In this post we demonstrate the amount of inflation obtained by this strategy. We sample from a distribution with a zero mean and test whether the sample mean differs from 0. As we will see, if we continually peek at the data, and then decide whether to continue data collection contingent on the partial results, we wind up with an elevated chance of rejecting the null hypothesis.

% Simulate 1000 experiments with 200 data points each
x = randn(200,1000);

% We expect about 5% false positives, given an alpha of 0.05
disp(mean(ttest(x, 0, 0.05)));

% Now let's calculate the rate of false positives for different sample
% sizes. We assume a minimum of 10 samples and a maximum of 200.
h = zeros(size(x));
for ii = 10:200
    h(ii,:) = ttest(x(1:ii, :), 0, 0.05);

% The chance of a false positive is about 0.05, no matter how many data points
plot(1:200, mean(h, 2), 'r-', 'LineWidth', 2)
ylim([0 1])
ylabel('Probability of a false positive')
xlabel('Number of samples')

% How would the false positive rate change if we peeked at the data?
% To simulate peeking, we take the cumulative sum of h values for each
% simulation. The result of this is that if at any point we reject the null
% (h=1), the remaining points for that simulation also assume we rejected
% null.
peekingH = logical(cumsum(h));

figure(99); hold on
plot(1:200, mean(peekingH, 2), 'k-', 'LineWidth', 2)
legend('No peeking', 'Peeking')

% The plot demonstrates the problem with peeking: we defined the likelihood
% of a false positive as our alpha value (here, 0.05), but we have created
% a false positive rate that is much higher.

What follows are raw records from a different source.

lemma wl_round_eq_walk_count:
  assumes "finite V" "finite V'" "wl_round V E c m s = wl_round V' E' c' m s'"
    and "set s \<subseteq> V" "set s' \<subseteq> V'" "p < length s" "q < length s" "r < length s" "p \<noteq> q" "q \<noteq> r"
  shows "walk_count V E {s ! p} m (s ! q) (s ! r) = walk_count V' E' {s' ! p} m (s' ! q) (s' ! r)"
  using assms(3-)
proof (induction m arbitrary: s s')
  case 0
  have a: "atp E s = atp E' s'" using wl_round_eq_atp[OF "0.prems"(1)] .
  have "length s' = length s" using atp_eqD(1)[OF a] "0.prems" by blast
  then have "s ! q \<in> V" "s' ! q \<in> V'" using "0.prems" by auto
  moreover have "s ! q = s ! r \<longleftrightarrow> s' ! q = s' ! r" "s ! q = s ! p \<longleftrightarrow> s' ! q = s' ! p"
    using atp_eqD(2)[OF a] "0.prems" by auto
  ultimately show ?case by auto
next
  case (Suc m)
  \<comment> \<open>The refinement multiset matches each \<open>z\<close> with a \<open>z'\<close>: putting it at position \<open>p\<close>
     exposes the edge to \<open>s ! q\<close>, putting it at position \<open>q\<close> advances the walk.\<close>
  have a: "atp E s = atp E' s'" using wl_round_eq_atp[OF Suc.prems(1)] .
  have l: "length s' = length s" using atp_eqD(1)[OF a] Suc.prems by blast
  have sums: "(\<Sum>z\<in>V. if E (s ! q) z then walk_count V E {s ! p} m z (s ! r) else 0)
      = (\<Sum>z\<in>V'. if E' (s' ! q) z then walk_count V' E' {s' ! p} m z (s' ! r) else 0)"
  proof (rule sum_eq_if_image_mset_eq[OF assms(1,2)])
    show "image_mset (\<lambda>w. map (\<lambda>i. wl_round V E c m (s[i := w])) [0..<length s]) (mset_set V)
        = image_mset (\<lambda>w. map (\<lambda>i. wl_round V' E' c' m (s'[i := w])) [0..<length s]) (mset_set V')"
      using Suc.prems(1) l by simp
  next
    fix z z' assume z: "z \<in> V" "z' \<in> V'" and lists:
      "map (\<lambda>i. wl_round V E c m (s[i := z])) [0..<length s]
        = map (\<lambda>i. wl_round V' E' c' m (s'[i := z'])) [0..<length s]"
    have round_at: "wl_round V E c m (s[i := z]) = wl_round V' E' c' m (s'[i := z'])"
      if "i < length s" for i
      using arg_cong[OF lists, of "\<lambda>l. l ! i"] that by simp
    have "E (s[p := z] ! q) (s[p := z] ! p) \<longleftrightarrow> E' (s'[p := z'] ! q) (s'[p := z'] ! p)"
      using atp_eqD(3)[OF wl_round_eq_atp[OF round_at[of p]]] Suc.prems by force
    then have edge: "E (s ! q) z \<longleftrightarrow> E' (s' ! q) z'"
      using Suc.prems l by (simp add: nth_list_update)
    have "set (s[q := z]) \<subseteq> V" "set (s'[q := z']) \<subseteq> V'"
      using Suc.prems z by (auto dest: set_update_subset_insert[THEN subsetD])
    then have "walk_count V E {s ! p} m z (s ! r) = walk_count V' E' {s' ! p} m z' (s' ! r)"
      using Suc.IH[OF round_at[of q]] Suc.prems l by auto
    with edge show "(if E (s ! q) z then walk_count V E {s ! p} m z (s ! r) else 0)
        = (if E' (s' ! q) z' then walk_count V' E' {s' ! p} m z' (s' ! r) else 0)" by simp
  qed
  have "s ! q \<in> V" "s' ! q \<in> V'" using Suc.prems l by auto
  moreover have "s ! q = s ! p \<longleftrightarrow> s' ! q = s' ! p" using atp_eqD(2)[OF a] Suc.prems by auto
  ultimately show ?case using sums by simp
qed
(* Let $(\Omega,d)$ be a compact metric space, $F$ a $k$-iterated contraction system on $\Omega$ with contraction ratio $\theta\in(0,1)$ and attractor $\Omega$, and $A:\Omega\to\mathbb{R}$ Lipschitz. Let $\mathscr{L}$ be the transfer operator, $\rho$ its spectral radius on $C(\Omega)$, $h$ a strictly positive Lipschitz function with $\mathscr{L}h=\rho h$, $\mathbb{P}\varphi=\mathscr{L}(h\varphi)/(\rho h)$ the normalized operator and $\mathbb{P}^*$ its dual. Let $C>0$, $\lambda\in(0,1)$ be constants, depending only on $\theta,\operatorname{Lip}(A),\operatorname{diam}\Omega$, such that $W_1((\mathbb{P}^* )^n\mu,(\mathbb{P}^* )^n\nu)\le C\lambda^nW_1(\mu,\nu)$ for all $n\in\mathbb{N}$ and all Borel probability measures $\mu,\nu$ on $\Omega$, and let $\mu$ be the (unique) Borel probability measure with $\mathbb{P}^*\mu=\mu$. Then for every Lipschitz $\zeta:\Omega\to\mathbb{R}$ with $\int\zeta\,d\mu=0$ and every $n\in\mathbb{N}$, \[\|\mathbb{P}^n\zeta\|_\infty+\operatorname{Lip}(\mathbb{P}^n\zeta)\le(1+\operatorname{diam}\Omega)\,C\,\operatorname{Lip}(\zeta)\,\lambda^n.\] Moreover, every strictly positive Lipschitz function $g$ with $\mathscr{L}g=\rho g$ is a constant multiple of $h$.
   Context: A $k$-multiset is an unordered list of $k$ elements with repetitions allowed; sums over it count multiplicities. A $k$-iterated contraction system (ICS) on $\Omega$ with contraction ratio $\theta$ assigns to each $x\in\Omega$ a $k$-multiset $F(x)$ of elements of $\Omega$ such that for all $x,y$ there are enumerations $F(x)=\{x_1,\dots,x_k\}$, $F(y)=\{y_1,\dots,y_k\}$ with $d(x_i,y_i)\le\theta d(x,y)$; attractor $\Omega$ means $\Omega$ is the union of the underlying sets of the $F(x)$. Transfer operator: $\mathscr{L}f(x)=\sum_{y\in F(x)}e^{A(y)}f(y)$. The dual $\mathbb{P}^*$ acts on measures by $\int\varphi\,d(\mathbb{P}^*\mu)=\int\mathbb{P}\varphi\,d\mu$. $W_1$ is the 1-Wasserstein distance: $W_1(\mu,\nu)=\inf_\pi\int d(x,y)\,d\pi$ over couplings $\pi$ of $\mu,\nu$. $\operatorname{Lip}$ denotes the Lipschitz constant. *)

theory Defs
  imports "HOL-Probability.Probability" "HOL-Library.Multiset"
begin

definition ICS :: "'a::metric_space set \<Rightarrow> nat \<Rightarrow> real \<Rightarrow> ('a \<Rightarrow> 'a multiset) \<Rightarrow> bool" where
  "ICS \<Omega> k \<theta> F \<longleftrightarrow>
     (\<forall>x\<in>\<Omega>. size (F x) = k \<and> set_mset (F x) \<subseteq> \<Omega>) \<and>
     (\<forall>x\<in>\<Omega>. \<forall>y\<in>\<Omega>. \<exists>xs ys. mset xs = F x \<and> mset ys = F y \<and>
          (\<forall>i<k. dist (xs ! i) (ys ! i) \<le> \<theta> * dist x y))"

definition has_attractor :: "'a set \<Rightarrow> ('a \<Rightarrow> 'a multiset) \<Rightarrow> bool" where
  "has_attractor \<Omega> F \<longleftrightarrow> \<Omega> = (\<Union>x\<in>\<Omega>. set_mset (F x))"

definition transfer :: "('a \<Rightarrow> 'a multiset) \<Rightarrow> ('a \<Rightarrow> real) \<Rightarrow> ('a \<Rightarrow> real) \<Rightarrow> ('a \<Rightarrow> real)" where
  "transfer F A f x = (\<Sum>y\<in>#F x. exp (A y) * f y)"

definition supnorm :: "'a set \<Rightarrow> ('a \<Rightarrow> real) \<Rightarrow> real" where
  "supnorm \<Omega> f = Sup ((\<lambda>x. \<bar>f x\<bar>) ` \<Omega>)"

definition Lip :: "'a::metric_space set \<Rightarrow> ('a \<Rightarrow> real) \<Rightarrow> real" where
  "Lip \<Omega> f = Inf {L. L-lipschitz_on \<Omega> f}"

definition opnormC :: "'a::topological_space set \<Rightarrow> (('a \<Rightarrow> real) \<Rightarrow> ('a \<Rightarrow> real)) \<Rightarrow> real" where
  "opnormC \<Omega> T = Sup {supnorm \<Omega> (T f) | f. continuous_on \<Omega> f \<and> supnorm \<Omega> f \<le> 1}"

definition spectral_radiusC :: "'a::topological_space set \<Rightarrow> (('a \<Rightarrow> real) \<Rightarrow> ('a \<Rightarrow> real)) \<Rightarrow> real" where
  "spectral_radiusC \<Omega> T = lim (\<lambda>n. opnormC \<Omega> (T ^^ n) powr (1 / real n))"

definition Pnorm :: "('a \<Rightarrow> 'a multiset) \<Rightarrow> ('a \<Rightarrow> real) \<Rightarrow> real \<Rightarrow> ('a \<Rightarrow> real) \<Rightarrow> ('a \<Rightarrow> real) \<Rightarrow> ('a \<Rightarrow> real)" where
  "Pnorm F A \<rho> h \<phi> x = transfer F A (\<lambda>y. h y * \<phi> y) x / (\<rho> * h x)"

definition borelOn :: "'a::topological_space set \<Rightarrow> 'a measure" where
  "borelOn \<Omega> = restrict_space borel \<Omega>"

definition prob_on :: "'a::topological_space set \<Rightarrow> 'a measure \<Rightarrow> bool" where
  "prob_on \<Omega> M \<longleftrightarrow> prob_space M \<and> sets M = sets (borelOn \<Omega>)"

text \<open>Dual operator on measures:  (P* mu)(B) = integral of P(indicator B) d mu,
  i.e. integral phi d(P* mu) = integral (P phi) d mu.\<close>
definition Pdual :: "'a::topological_space set \<Rightarrow> (('a \<Rightarrow> real) \<Rightarrow> ('a \<Rightarrow> real)) \<Rightarrow> 'a measure \<Rightarrow> 'a measure" where
  "Pdual \<Omega> P M = measure_of \<Omega> (sets (borelOn \<Omega>))
      (\<lambda>B. \<integral>\<^sup>+ x. ennreal (P (indicator B) x) \<partial>M)"

definition couplings :: "'a::metric_space set \<Rightarrow> 'a measure \<Rightarrow> 'a measure \<Rightarrow> ('a \<times> 'a) measure set" where
  "couplings \<Omega> M N = {\<pi>. prob_space \<pi> \<and> sets \<pi> = sets (borelOn \<Omega> \<Otimes>\<^sub>M borelOn \<Omega>) \<and>
      distr \<pi> (borelOn \<Omega>) fst = M \<and> distr \<pi> (borelOn \<Omega>) snd = N}"

definition W1 :: "'a::metric_space set \<Rightarrow> 'a measure \<Rightarrow> 'a measure \<Rightarrow> real" where
  "W1 \<Omega> M N = Inf ((\<lambda>\<pi>. \<integral>p. dist (fst p) (snd p) \<partial>\<pi>) ` couplings \<Omega> M N)"

end

theory Submission
  imports Defs
begin

text \<open>Normalizing by the eigenfunction \<open>h\<close> makes \<open>\<P>\<close> a Markov operator, and
  \<open>\<P>\<^sup>n \<zeta> x = \<integral>\<zeta> d((\<P>\<^sup>*)\<^sup>n \<delta>\<^sub>x)\<close>, because \<open>(\<P>\<^sup>*)\<^sup>n \<delta>\<^sub>x\<close> is a finitely supported probability
  measure. For Lipschitz \<open>\<zeta>\<close> the easy half of Kantorovich duality,
  \<open>\<bar>\<integral>\<zeta> dM - \<integral>\<zeta> dN\<bar> \<le> Lip \<zeta> \<cdot> W\<^sub>1(M, N)\<close>, combined with the \<open>W\<^sub>1\<close>-contraction of \<open>\<P>\<^sup>*\<close>
  gives \<open>Lip (\<P>\<^sup>n \<zeta>) \<le> C \<lambda>\<^sup>n Lip \<zeta>\<close> (compare \<open>\<delta>\<^sub>x\<close> with \<open>\<delta>\<^sub>y\<close>) and, if \<open>\<integral>\<zeta> d\<mu> = 0\<close>,
  \<open>\<bar>\<P>\<^sup>n \<zeta> x\<bar> \<le> C \<lambda>\<^sup>n Lip \<zeta> diam \<Omega>\<close> (compare \<open>\<delta>\<^sub>x\<close> with the invariant \<open>\<mu>\<close>).
  For a second Lipschitz eigenfunction \<open>g\<close>, the quotient \<open>g / h\<close> is a Lipschitz fixed point
  of \<open>\<P>\<close>; minus its \<open>\<mu>\<close>-mean it is a centred fixed point whose iterates tend to \<open>0\<close>, so
  \<open>g / h\<close> is constant.\<close>

lemma space_borelOn [simp]: "space (borelOn \<Omega>) = \<Omega>"
  by (simp add: borelOn_def space_restrict_space)

lemma sets_borelOn_iff:
  fixes \<Omega> :: "'a::metric_space set"
  assumes "compact \<Omega>"
  shows "B \<in> sets (borelOn \<Omega>) \<longleftrightarrow> B \<subseteq> \<Omega> \<and> B \<in> sets borel"
proof -
  have "\<Omega> \<inter> space borel \<in> sets borel"
    using borel_closed[OF compact_imp_closed[OF assms]] by simp
  then show ?thesis unfolding borelOn_def by (rule sets_restrict_space_iff)
qed

lemma finite_subset_in_sets_borelOn:
  fixes \<Omega> :: "'a::metric_space set"
  assumes "compact \<Omega>" "finite S" "S \<subseteq> \<Omega>"
  shows "S \<in> sets (borelOn \<Omega>)"
  using assms by (simp add: sets_borelOn_iff borel_closed finite_imp_closed)

lemma borel_measurable_borelOn_continuous_on:
  "continuous_on \<Omega> f \<Longrightarrow> f \<in> borel_measurable (borelOn \<Omega>)"
  unfolding borelOn_def by (rule borel_measurable_continuous_on_restrict)

text \<open>The product of the restricted Borel algebras need not be the Borel algebra of the
  product, so measurability of the distance is not automatic. On a compact set it is the
  countable infimum of the measurable maps \<open>(a, b) \<mapsto> dist a d + dist d b\<close> over a dense
  countable set of points \<open>d\<close>.\<close>
lemma borel_measurable_dist_borelOn:
  fixes \<Omega> :: "'a::metric_space set"
  assumes cpt: "compact \<Omega>"
  shows "(\<lambda>p. dist (fst p) (snd p)) \<in> borel_measurable (borelOn \<Omega> \<Otimes>\<^sub>M borelOn \<Omega>)"
proof -
  have "\<forall>n. \<exists>K. finite K \<and> \<Omega> \<subseteq> (\<Union>x\<in>K. ball x (inverse (real (Suc n))))"
    using cpt unfolding compact_eq_totally_bounded by auto
  then obtain K where K: "\<And>n. finite (K n)"
    "\<And>n. \<Omega> \<subseteq> (\<Union>x\<in>K n. ball x (inverse (real (Suc n))))"
    by metis
  define D where "D = (\<Union>n. K n)"
  have "countable D" unfolding D_def using K(1) by (simp add: countable_finite)
  moreover have "(\<lambda>p. dist (fst p) d + dist d (snd p))
      \<in> borel_measurable (borelOn \<Omega> \<Otimes>\<^sub>M borelOn \<Omega>)" for d
    by (intro borel_measurable_add measurable_compose[OF measurable_fst]
        measurable_compose[OF measurable_snd] borel_measurable_borelOn_continuous_on
        continuous_intros)
  ultimately have inf_meas: "(\<lambda>p. INF d\<in>D. dist (fst p) d + dist d (snd p))
      \<in> borel_measurable (borelOn \<Omega> \<Otimes>\<^sub>M borelOn \<Omega>)"
    by (rule borel_measurable_cINF_real)
  have "dist a b = (INF d\<in>D. dist a d + dist d b)" if ab: "a \<in> \<Omega>" "b \<in> \<Omega>" for a b
  proof (rule antisym)
    have "D \<noteq> {}" using K(2)[of 0] ab(1) unfolding D_def by blast
    then show "dist a b \<le> (INF d\<in>D. dist a d + dist d b)"
      by (intro cINF_greatest) (auto intro: dist_triangle)
    show "(INF d\<in>D. dist a d + dist d b) \<le> dist a b"
    proof (rule field_le_epsilon)
      fix e :: real assume "0 < e"
      then obtain n :: nat where n: "inverse (real (Suc n)) < e / 2"
        using reals_Archimedean[of "e / 2"] by auto
      obtain d where d: "d \<in> K n" "dist d a < inverse (real (Suc n))"
        using K(2)[of n] ab(1) by auto
      have "(INF d\<in>D. dist a d + dist d b) \<le> dist a d + dist d b"
        using d(1) by (intro cINF_lower bdd_belowI[of _ 0]) (auto simp: D_def)
      also have "\<dots> \<le> dist a b + e"
        using dist_triangle[of d b a] d(2) n by (simp add: dist_commute)
      finally show "(INF d\<in>D. dist a d + dist d b) \<le> dist a b + e" .
    qed
  qed
  then show ?thesis
    using inf_meas by (subst measurable_cong[where g = "\<lambda>p. INF d\<in>D. dist (fst p) d + dist d (snd p)"])
      (auto simp: space_pair_measure)
qed

lemma integrable_prob_on_continuous_on:
  fixes \<Omega> :: "'a::metric_space set" and f :: "'a \<Rightarrow> real"
  assumes cpt: "compact \<Omega>" and \<mu>: "prob_on \<Omega> \<mu>" and f: "continuous_on \<Omega> f"
  shows "integrable \<mu> f"
proof -
  have s: "sets \<mu> = sets (borelOn \<Omega>)" and p: "prob_space \<mu>"
    using \<mu> unfolding prob_on_def by auto
  have "f \<in> borel_measurable \<mu>"
    using borel_measurable_borelOn_continuous_on[OF f] measurable_cong_sets[OF s refl] by blast
  moreover obtain B where "\<And>x. x \<in> \<Omega> \<Longrightarrow> norm (f x) \<le> B"
    using compact_imp_bounded[OF compact_continuous_image[OF f cpt]] unfolding bounded_iff by auto
  ultimately show ?thesis
    using sets_eq_imp_space_eq[OF s] p
    by (intro finite_measure.integrable_const_bound[where B = B] AE_I2)
      (auto simp: prob_space_def)
qed

definition finite_point_measure :: "'a::topological_space set \<Rightarrow> 'a set \<Rightarrow> ('a \<Rightarrow> real) \<Rightarrow> 'a measure" where
  "finite_point_measure \<Omega> S w = distr (point_measure S (\<lambda>y. ennreal (w y))) (borelOn \<Omega>) (\<lambda>y. y)"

  1. Very interesting... This is a bit like the issue of multiple comparisons, except that instead of having several different samples that you are testing for an effect, you are testing the same sample multiple times (albeit the sample grows in size).

    I have never seen an instance of a paper describing how an experiment was actually conducted (e.g. we tried a pilot, then tweaked this or that, and then collected a few more data points, etc.); rather, papers tend to summarize and streamline the messy experiment into a nice clean one. There is of course good reason for this, that is, to make the paper simpler. But as this post shows, this process in some cases can be highly misleading and statistically invalid.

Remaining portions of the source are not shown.